GOAL OF THE EXERCISE: For each line below that contains the word "fixes", make a copy.

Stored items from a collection
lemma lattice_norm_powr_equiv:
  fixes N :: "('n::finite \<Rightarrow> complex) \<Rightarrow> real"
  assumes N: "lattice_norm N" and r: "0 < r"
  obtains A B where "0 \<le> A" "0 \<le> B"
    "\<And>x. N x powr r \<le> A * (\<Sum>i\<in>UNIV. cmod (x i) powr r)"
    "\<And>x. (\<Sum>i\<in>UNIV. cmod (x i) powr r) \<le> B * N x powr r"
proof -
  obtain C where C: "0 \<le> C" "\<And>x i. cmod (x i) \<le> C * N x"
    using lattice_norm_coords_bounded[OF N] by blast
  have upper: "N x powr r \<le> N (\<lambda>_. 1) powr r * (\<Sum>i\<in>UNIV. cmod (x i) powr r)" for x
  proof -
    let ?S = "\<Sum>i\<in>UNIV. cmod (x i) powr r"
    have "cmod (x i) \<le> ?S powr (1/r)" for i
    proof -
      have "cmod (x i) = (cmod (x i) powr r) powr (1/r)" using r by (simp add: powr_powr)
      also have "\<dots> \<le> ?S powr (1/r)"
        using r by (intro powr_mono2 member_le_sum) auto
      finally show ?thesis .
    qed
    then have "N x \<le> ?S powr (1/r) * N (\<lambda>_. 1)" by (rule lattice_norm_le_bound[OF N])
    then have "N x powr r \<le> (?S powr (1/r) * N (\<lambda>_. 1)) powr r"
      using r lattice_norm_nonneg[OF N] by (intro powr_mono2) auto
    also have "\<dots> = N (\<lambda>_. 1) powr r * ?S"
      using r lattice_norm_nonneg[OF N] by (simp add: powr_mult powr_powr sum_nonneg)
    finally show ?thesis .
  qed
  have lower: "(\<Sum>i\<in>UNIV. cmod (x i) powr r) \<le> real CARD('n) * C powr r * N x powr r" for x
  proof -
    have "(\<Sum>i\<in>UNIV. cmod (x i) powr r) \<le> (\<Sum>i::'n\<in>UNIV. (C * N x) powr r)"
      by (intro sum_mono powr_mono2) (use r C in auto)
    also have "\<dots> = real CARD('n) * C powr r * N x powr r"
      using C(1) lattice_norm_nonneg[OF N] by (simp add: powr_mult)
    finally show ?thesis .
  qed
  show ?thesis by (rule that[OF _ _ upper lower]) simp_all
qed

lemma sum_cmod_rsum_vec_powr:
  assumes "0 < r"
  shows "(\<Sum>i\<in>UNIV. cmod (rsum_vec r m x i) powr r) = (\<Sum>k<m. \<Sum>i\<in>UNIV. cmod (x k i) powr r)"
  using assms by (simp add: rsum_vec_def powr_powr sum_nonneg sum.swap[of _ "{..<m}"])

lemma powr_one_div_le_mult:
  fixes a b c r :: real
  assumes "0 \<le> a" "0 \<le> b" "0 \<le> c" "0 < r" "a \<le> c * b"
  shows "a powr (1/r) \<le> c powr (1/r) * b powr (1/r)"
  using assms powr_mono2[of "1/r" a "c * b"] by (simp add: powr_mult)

...

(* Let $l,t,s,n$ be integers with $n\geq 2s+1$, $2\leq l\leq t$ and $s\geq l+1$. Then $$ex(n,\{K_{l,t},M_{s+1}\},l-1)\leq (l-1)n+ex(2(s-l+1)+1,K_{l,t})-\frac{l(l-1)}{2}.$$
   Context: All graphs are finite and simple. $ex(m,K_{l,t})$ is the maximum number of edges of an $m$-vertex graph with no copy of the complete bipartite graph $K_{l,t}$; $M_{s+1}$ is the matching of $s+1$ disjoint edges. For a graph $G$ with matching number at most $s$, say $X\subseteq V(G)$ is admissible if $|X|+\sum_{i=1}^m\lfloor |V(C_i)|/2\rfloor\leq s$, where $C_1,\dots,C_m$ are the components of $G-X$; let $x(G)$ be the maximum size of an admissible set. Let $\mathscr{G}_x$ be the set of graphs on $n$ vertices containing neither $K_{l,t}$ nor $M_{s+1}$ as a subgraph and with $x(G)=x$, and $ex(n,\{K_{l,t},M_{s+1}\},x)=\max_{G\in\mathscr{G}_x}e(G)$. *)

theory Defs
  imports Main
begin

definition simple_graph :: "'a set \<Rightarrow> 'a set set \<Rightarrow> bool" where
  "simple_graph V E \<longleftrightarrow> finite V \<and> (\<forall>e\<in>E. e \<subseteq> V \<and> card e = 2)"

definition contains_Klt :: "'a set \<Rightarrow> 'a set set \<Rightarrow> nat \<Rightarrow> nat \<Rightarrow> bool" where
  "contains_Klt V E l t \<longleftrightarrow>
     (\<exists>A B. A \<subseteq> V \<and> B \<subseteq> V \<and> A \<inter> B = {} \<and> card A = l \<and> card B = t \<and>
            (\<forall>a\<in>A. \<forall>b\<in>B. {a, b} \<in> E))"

ANSWER TO THE PROBLEM:
  fixes N :: "('n::finite \<Rightarrow> complex) \<Rightarrow> real"
  fixes a b c r :: real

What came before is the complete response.